BEGIN

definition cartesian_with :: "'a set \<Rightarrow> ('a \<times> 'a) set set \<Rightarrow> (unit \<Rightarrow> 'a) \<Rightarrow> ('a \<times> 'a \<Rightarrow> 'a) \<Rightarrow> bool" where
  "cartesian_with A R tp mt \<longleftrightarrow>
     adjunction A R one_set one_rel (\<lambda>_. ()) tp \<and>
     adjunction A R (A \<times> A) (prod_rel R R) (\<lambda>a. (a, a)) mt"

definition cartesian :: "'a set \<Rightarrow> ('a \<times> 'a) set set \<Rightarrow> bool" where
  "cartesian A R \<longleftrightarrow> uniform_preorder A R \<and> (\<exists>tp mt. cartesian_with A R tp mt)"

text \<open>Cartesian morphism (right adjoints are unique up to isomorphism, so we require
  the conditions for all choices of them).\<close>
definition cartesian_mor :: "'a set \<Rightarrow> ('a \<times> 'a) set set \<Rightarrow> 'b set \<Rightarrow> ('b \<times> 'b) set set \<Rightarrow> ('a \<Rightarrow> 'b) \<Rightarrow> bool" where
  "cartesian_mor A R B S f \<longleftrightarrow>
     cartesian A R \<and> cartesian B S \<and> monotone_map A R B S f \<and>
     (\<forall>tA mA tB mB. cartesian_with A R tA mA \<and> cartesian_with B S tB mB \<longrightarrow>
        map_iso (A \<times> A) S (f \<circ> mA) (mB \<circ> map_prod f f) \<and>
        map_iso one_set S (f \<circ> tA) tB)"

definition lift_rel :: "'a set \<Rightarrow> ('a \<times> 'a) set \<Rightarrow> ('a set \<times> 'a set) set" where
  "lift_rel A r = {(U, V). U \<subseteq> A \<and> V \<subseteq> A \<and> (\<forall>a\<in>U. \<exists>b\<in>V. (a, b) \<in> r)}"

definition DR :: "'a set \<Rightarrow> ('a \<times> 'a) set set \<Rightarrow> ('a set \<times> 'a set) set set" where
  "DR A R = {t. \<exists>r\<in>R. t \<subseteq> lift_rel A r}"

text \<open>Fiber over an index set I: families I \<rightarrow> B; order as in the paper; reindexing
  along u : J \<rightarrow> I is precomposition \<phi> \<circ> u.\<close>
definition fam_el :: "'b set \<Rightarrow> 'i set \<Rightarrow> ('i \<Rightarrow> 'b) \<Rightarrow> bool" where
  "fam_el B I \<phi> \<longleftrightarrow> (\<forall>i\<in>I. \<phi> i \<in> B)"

END

§ **What the task requires**: Look above for the line that contains "set \<Rightarrow> 'b". Starting there, transcribe every line exactly until you have copied the line that contains "('a \<times> 'a) set \<Rightarrow>".

§ **Written solution**:
definition cartesian_mor :: "'a set \<Rightarrow> ('a \<times> 'a) set set \<Rightarrow> 'b set \<Rightarrow> ('b \<times> 'b) set set \<Rightarrow> ('a \<Rightarrow> 'b) \<Rightarrow> bool" where
  "cartesian_mor A R B S f \<longleftrightarrow>
     cartesian A R \<and> cartesian B S \<and> monotone_map A R B S f \<and>
     (\<forall>tA mA tB mB. cartesian_with A R tA mA \<and> cartesian_with B S tB mB \<longrightarrow>
        map_iso (A \<times> A) S (f \<circ> mA) (mB \<circ> map_prod f f) \<and>
        map_iso one_set S (f \<circ> tA) tB)"

definition lift_rel :: "'a set \<Rightarrow> ('a \<times> 'a) set \<Rightarrow> ('a set \<times> 'a set) set" where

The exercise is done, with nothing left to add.